1. A method of detecting colorectal cancer in a subject, the method comprising:
a) measuring the level of expression of two or more colorectal cancer biomarker genes selected from any of the colorectal cancer biomarker genes listed in Table 1 (Panel A) in a biological sample from the subject;
b) comparing the measured expression level of the two or more colorectal cancer biomarker genes in the sample with the measured expression level of the two or more colorectal cancer biomarker genes in a control sample, wherein a difference in the measured expression level of the two more genes in the biological sample relative to the measured expression level of the two or more genes in the control sample indicates that the subject has colorectal cancer.

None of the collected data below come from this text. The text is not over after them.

lemma norm_projS_squared: "(norm (projS v *v x))\<^sup>2 = (\<Sum>j = 1..CARD('n)-1. (u j \<bullet> x)\<^sup>2)"
proof -
  have "(norm (projS v *v x))\<^sup>2 = (\<Sum>i<CARD('n). (frame i \<bullet> (projS v *v x))\<^sup>2)"
    by (rule orthonormal_basis_parseval) (simp_all add: frame_orthonormal)
  also have "\<dots> = (\<Sum>j = 1..CARD('n)-1. (u j \<bullet> x)\<^sup>2)"
    using unit orthogonal
    by (simp add: lessThan_CARD_eq frame_def projS_apply inner_diff_right norm_eq_1 inner_commute)
  finally show ?thesis .
qed

lemma msqrt_props:
  assumes "H *v v = 0"
    and "\<And>j. j \<in> {1..CARD('n)-1} \<Longrightarrow> H *v u j = lam j *\<^sub>R u j"
    and "\<And>j. j \<in> {1..CARD('n)-1} \<Longrightarrow> 0 \<le> lam j"
  shows "psd (msqrt H)" "msqrt H ** msqrt H = H"
proof -
  have "H *v frame i = (if i = 0 then 0 else lam i) *\<^sub>R frame i" "0 \<le> (if i = 0 then 0 else lam i)"
    if "i \<in> {..<CARD('n)}" for i
    using that assms by (auto simp: lessThan_CARD_eq frame_def)
  then show "psd (msqrt H)" "msqrt H ** msqrt H = H"
    using msqrt_orthonormal_eigenbasis[where I="{..<CARD('n)}" and e=frame and H=H
        and lam="\<lambda>i. if i = 0 then 0 else lam i"] frame_orthonormal
    by simp_all
qed

lemma norm_projS_average:
  assumes "N \<noteq> 0"
  shows "(norm (projS v *v ((1 / real N) *\<^sub>R (\<Sum>m<N. x m) - wstar)))\<^sup>2 =
    (\<Sum>j = 1..CARD('n)-1. ((1 / real N) * (\<Sum>m<N. u j \<bullet> (x m - wstar)))\<^sup>2)"
  using assms by (simp add: norm_projS_squared inner_diff_right inner_sum_right sum_subtractf
      field_simps)

end

lemma double_sum_power_dist:
  fixes c :: real
  shows "(\<Sum>m<N. \<Sum>m'<N. c ^ (max m m' - min m m')) =
    real N + 2 * (\<Sum>r = 1..N-1. real (N - r) * c ^ r)"
proof (induction N)
  case 0
  show ?case by simp
next
  case (Suc N)
  have reflect: "(\<Sum>m<N. c ^ (N - m)) = (\<Sum>r = 1..N. c ^ r)"
    by (rule sum.reindex_bij_witness[of _ "\<lambda>r. N - r" "\<lambda>m. N - m"]) auto
  have "(\<Sum>m<Suc N. \<Sum>m'<Suc N. c ^ (max m m' - min m m')) =
      (\<Sum>m<N. \<Sum>m'<N. c ^ (max m m' - min m m')) + 2 * (\<Sum>m<N. c ^ (N - m)) + 1"
    by (simp add: sum.distrib max_def min_def)
  moreover have "(\<Sum>r = 1..N. real (Suc N - r) * c ^ r) =
      (\<Sum>r = 1..N-1. real (N - r) * c ^ r) + (\<Sum>r = 1..N. c ^ r)"
  proof -
    have "(\<Sum>r = 1..N. real (Suc N - r) * c ^ r) = (\<Sum>r = 1..N. real (N - r) * c ^ r + c ^ r)"
      by (rule sum.cong) (auto simp: Suc_diff_le algebra_simps)
    also have "(\<Sum>r = 1..N. real (N - r) * c ^ r) = (\<Sum>r = 1..N-1. real (N - r) * c ^ r)"
      by (cases N) (simp_all add: sum.cl_ivl_Suc)
    ultimately show ?thesis
      by (simp add: sum.distrib)
  qed
  ultimately show ?case
    by (simp add: Suc.IH reflect)
qed

lemma sum_powers_le_geometric:
  fixes e :: real
  assumes "0 \<le> e" "e < 1"
  shows "(\<Sum>r = 1..M. e ^ r) \<le> e / (1 - e)"
proof -
  have "(1 - e) * (\<Sum>r = 1..M. e ^ r) \<le> e"
    using assms sum_gp_multiplied[of 1 M e] by (cases M) simp_all
  then show ?thesis
    using assms by (simp add: field_simps)
qed

lemma weighted_power_sum_le:
  fixes c \<epsilon> :: real
  assumes \<epsilon>: "0 \<le> \<epsilon>" "\<epsilon> < 1" and c: "\<bar>c\<bar> ^ T \<le> \<epsilon>"
  shows "(\<Sum>r = 1..N-1. real (N - r) * c ^ (r * T)) \<le> real N * (\<epsilon> / (1 - \<epsilon>))"
proof -
  have "real (N - r) * c ^ (r * T) \<le> real N * \<epsilon> ^ r" for r
  proof -
    have "c ^ (r * T) \<le> (\<bar>c\<bar> ^ T) ^ r"
      by (metis abs_ge_self mult.commute power_abs power_mult)
    also have "\<dots> \<le> \<epsilon> ^ r"
      using c by (intro power_mono) simp_all
    finally have "real (N - r) * c ^ (r * T) \<le> real (N - r) * \<epsilon> ^ r"
      by (intro mult_left_mono) simp_all
    also have "\<dots> \<le> real N * \<epsilon> ^ r"
      using \<epsilon> by (intro mult_right_mono) simp_all
    finally show ?thesis .
  qed
  then have "(\<Sum>r = 1..N-1. real (N - r) * c ^ (r * T)) \<le> real N * (\<Sum>r = 1..N-1. \<epsilon> ^ r)"
    by (simp add: sum_distrib_left sum_mono)
  also have "\<dots> \<le> real N * (\<epsilon> / (1 - \<epsilon>))"
    using \<epsilon> by (intro mult_left_mono sum_powers_le_geometric) simp_all
  finally show ?thesis .
qed

lemma merged_variance_le:
  fixes V c :: "'j \<Rightarrow> real" and \<epsilon> :: real
  assumes V: "\<And>j. j \<in> J \<Longrightarrow> 0 \<le> V j" and \<epsilon>: "0 \<le> \<epsilon>" "\<epsilon> < 1"
    and c: "\<And>j. j \<in> J \<Longrightarrow> \<bar>c j\<bar> ^ T \<le> \<epsilon>" and N: "N \<ge> 1"
  shows "(\<Sum>j\<in>J. V j * (1 / (real N)\<^sup>2) * (real N + 2 * (\<Sum>r = 1..N-1. real (N - r) * c j ^ (r * T))))
    \<le> (1 / real N) * (1 + 2 * \<epsilon> / (1 - \<epsilon>)) * (\<Sum>j\<in>J. V j)"
proof -
  have "V j * (1 / (real N)\<^sup>2) * (real N + 2 * (\<Sum>r = 1..N-1. real (N - r) * c j ^ (r * T)))
      \<le> V j * (1 / (real N)\<^sup>2) * (real N + 2 * (real N * (\<epsilon> / (1 - \<epsilon>))))" if "j \<in> J" for j
    using weighted_power_sum_le[OF \<epsilon> c[OF that], of N] V[OF that] by (intro mult_left_mono) simp_all
  also have "V j * (1 / (real N)\<^sup>2) * (real N + 2 * (real N * (\<epsilon> / (1 - \<epsilon>)))) =
      (1 / real N) * (1 + 2 * \<epsilon> / (1 - \<epsilon>)) * V j" for j
    using N by (simp add: power2_eq_square field_simps)
  finally show ?thesis
    by (simp add: sum_distrib_left sum_mono)
qed

lemma (in prob_space) normal_distributed_moments:
  fixes Z :: "'a \<Rightarrow> real"
  assumes \<sigma>: "0 < \<sigma>" and Z: "distributed M lborel Z (normal_density 0 \<sigma>)"
  shows "integrable M (\<lambda>x. (Z x)\<^sup>2)" "expectation Z = 0" "expectation (\<lambda>x. (Z x)\<^sup>2) = \<sigma>\<^sup>2"
proof -
  have "integrable lborel (\<lambda>x. normal_density 0 \<sigma> x * x\<^sup>2)"
    using integrable_normal_moment[of \<sigma> 0 2] \<sigma> by simp
  then show sq: "integrable M (\<lambda>x. (Z x)\<^sup>2)"
    by (subst distributed_integrable[OF Z, symmetric]) (auto simp: normal_density_nonneg)
  show mean: "expectation Z = 0"
    by (rule normal_distributed_expectation[OF \<sigma> Z])
  have "integrable M Z"
    using distributed_integrable_var[OF Z _ integrable_normal_moment_nz_1[OF \<sigma>]]
    by (simp add: normal_density_nonneg)
  then show "expectation (\<lambda>x. (Z x)\<^sup>2) = \<sigma>\<^sup>2"
    using variance_eq[OF _ sq] normal_distributed_variance[OF \<sigma> Z] mean by simp
qed

lemma integrable_mult_of_square_integrable:
  fixes f g :: "'a \<Rightarrow> real"
  assumes "f \<in> borel_measurable M" "g \<in> borel_measurable M"
    and "integrable M (\<lambda>x. (f x)\<^sup>2)" "integrable M (\<lambda>x. (g x)\<^sup>2)"
  shows "integrable M (\<lambda>x. f x * g x)"
proof (rule Bochner_Integration.integrable_bound)
  show "integrable M (\<lambda>x. (f x)\<^sup>2 + (g x)\<^sup>2)" using assms by simp
  have "\<bar>f x * g x\<bar> \<le> (f x)\<^sup>2 + (g x)\<^sup>2" for x
  proof -
    have "2 * \<bar>f x\<bar> * \<bar>g x\<bar> \<le> (f x)\<^sup>2 + (g x)\<^sup>2"
      using sum_squares_bound[of "\<bar>f x\<bar>" "\<bar>g x\<bar>"] by simp
    moreover have "0 \<le> \<bar>f x\<bar> * \<bar>g x\<bar>" by simp
    ultimately show ?thesis unfolding abs_mult by linarith
  qed
  then show "AE x in M. norm (f x * g x) \<le> norm ((f x)\<^sup>2 + (g x)\<^sup>2)" by simp
qed (use assms in auto)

2. The method of claim 1, wherein the two or more colorectal cancer biomarker genes are selected from the colorectal cancer biomarker genes listed in Panel B, Panel C, Panel D, or Panel E.
3-7. (canceled)
8. The method of claim 1, wherein the biological sample is a stool sample.
9. The method of claim 1, wherein the expression level comprises expression of an RNA selected from the group consisting of total RNA, mRNA, ncRNA, rRNA, smRNA, and snoRNA.
10. The method of claim 1, wherein the measuring step comprises microarray analysis, reverse transcription polymerase chain reaction (RT-PCR), or nucleic acid sequencing.
11-13. (canceled)
14. A method of determining whether a subject is at risk for colorectal cancer, the method comprising:
a) measuring the level of expression of two or more colorectal cancer biomarker genes selected from any of the colorectal cancer biomarker genes listed in Table 1 (Panel A) in a biological sample from the subject;
b) comparing the measured expression level of the two or more colorectal cancer biomarker genes in the sample with the measured expression level of the two or more colorectal cancer biomarker genes in a control sample, wherein a difference in the measured expression level of the two or more genes in the biological sample relative to the measured expression level of the two or more genes in the control sample indicates that the subject is at risk for colorectal cancer.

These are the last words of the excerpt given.